### DATA UNDER STUDY
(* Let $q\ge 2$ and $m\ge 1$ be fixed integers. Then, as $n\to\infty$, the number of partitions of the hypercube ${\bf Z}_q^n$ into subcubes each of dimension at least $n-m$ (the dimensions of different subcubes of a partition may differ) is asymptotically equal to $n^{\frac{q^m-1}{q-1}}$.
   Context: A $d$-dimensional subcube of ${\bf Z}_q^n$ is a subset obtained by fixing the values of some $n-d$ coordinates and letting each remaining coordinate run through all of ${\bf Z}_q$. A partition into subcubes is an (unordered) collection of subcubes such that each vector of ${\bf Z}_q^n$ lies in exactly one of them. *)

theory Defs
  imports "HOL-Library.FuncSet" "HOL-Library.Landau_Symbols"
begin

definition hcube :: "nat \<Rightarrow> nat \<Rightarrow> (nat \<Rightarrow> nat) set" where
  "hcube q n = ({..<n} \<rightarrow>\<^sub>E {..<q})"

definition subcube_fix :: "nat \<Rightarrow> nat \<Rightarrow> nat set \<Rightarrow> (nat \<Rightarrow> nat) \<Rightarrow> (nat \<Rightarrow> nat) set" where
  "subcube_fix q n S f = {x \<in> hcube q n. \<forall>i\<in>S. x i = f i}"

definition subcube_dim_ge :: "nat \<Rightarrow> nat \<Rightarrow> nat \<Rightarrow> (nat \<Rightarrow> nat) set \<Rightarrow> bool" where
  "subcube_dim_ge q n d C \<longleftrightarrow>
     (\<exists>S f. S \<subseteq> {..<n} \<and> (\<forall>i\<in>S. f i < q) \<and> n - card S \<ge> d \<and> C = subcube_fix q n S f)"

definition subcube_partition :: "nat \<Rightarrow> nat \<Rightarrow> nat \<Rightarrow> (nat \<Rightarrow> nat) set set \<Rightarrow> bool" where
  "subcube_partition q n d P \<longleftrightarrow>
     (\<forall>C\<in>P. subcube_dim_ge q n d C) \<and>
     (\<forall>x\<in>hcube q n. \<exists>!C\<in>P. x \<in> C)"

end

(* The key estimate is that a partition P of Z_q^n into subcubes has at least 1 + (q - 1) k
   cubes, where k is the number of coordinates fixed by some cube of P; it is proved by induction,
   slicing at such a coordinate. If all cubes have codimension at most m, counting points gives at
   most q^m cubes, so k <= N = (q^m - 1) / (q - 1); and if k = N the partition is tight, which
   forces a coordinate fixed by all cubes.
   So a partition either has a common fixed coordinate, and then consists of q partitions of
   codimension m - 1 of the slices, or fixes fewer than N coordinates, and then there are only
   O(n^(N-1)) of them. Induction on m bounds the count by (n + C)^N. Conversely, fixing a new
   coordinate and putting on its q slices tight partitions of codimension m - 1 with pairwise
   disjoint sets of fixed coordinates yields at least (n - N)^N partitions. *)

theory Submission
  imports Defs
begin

### WORK REQUEST
Restate verbatim all lines from the start of the data through the line containing "nat) set \<Rightarrow>", with both ends kept.

### FINISHED TASK
(* Let $q\ge 2$ and $m\ge 1$ be fixed integers. Then, as $n\to\infty$, the number of partitions of the hypercube ${\bf Z}_q^n$ into subcubes each of dimension at least $n-m$ (the dimensions of different subcubes of a partition may differ) is asymptotically equal to $n^{\frac{q^m-1}{q-1}}$.
   Context: A $d$-dimensional subcube of ${\bf Z}_q^n$ is a subset obtained by fixing the values of some $n-d$ coordinates and letting each remaining coordinate run through all of ${\bf Z}_q$. A partition into subcubes is an (unordered) collection of subcubes such that each vector of ${\bf Z}_q^n$ lies in exactly one of them. *)

theory Defs
  imports "HOL-Library.FuncSet" "HOL-Library.Landau_Symbols"
begin

definition hcube :: "nat \<Rightarrow> nat \<Rightarrow> (nat \<Rightarrow> nat) set" where
  "hcube q n = ({..<n} \<rightarrow>\<^sub>E {..<q})"

definition subcube_fix :: "nat \<Rightarrow> nat \<Rightarrow> nat set \<Rightarrow> (nat \<Rightarrow> nat) \<Rightarrow> (nat \<Rightarrow> nat) set" where
  "subcube_fix q n S f = {x \<in> hcube q n. \<forall>i\<in>S. x i = f i}"

definition subcube_dim_ge :: "nat \<Rightarrow> nat \<Rightarrow> nat \<Rightarrow> (nat \<Rightarrow> nat) set \<Rightarrow> bool" where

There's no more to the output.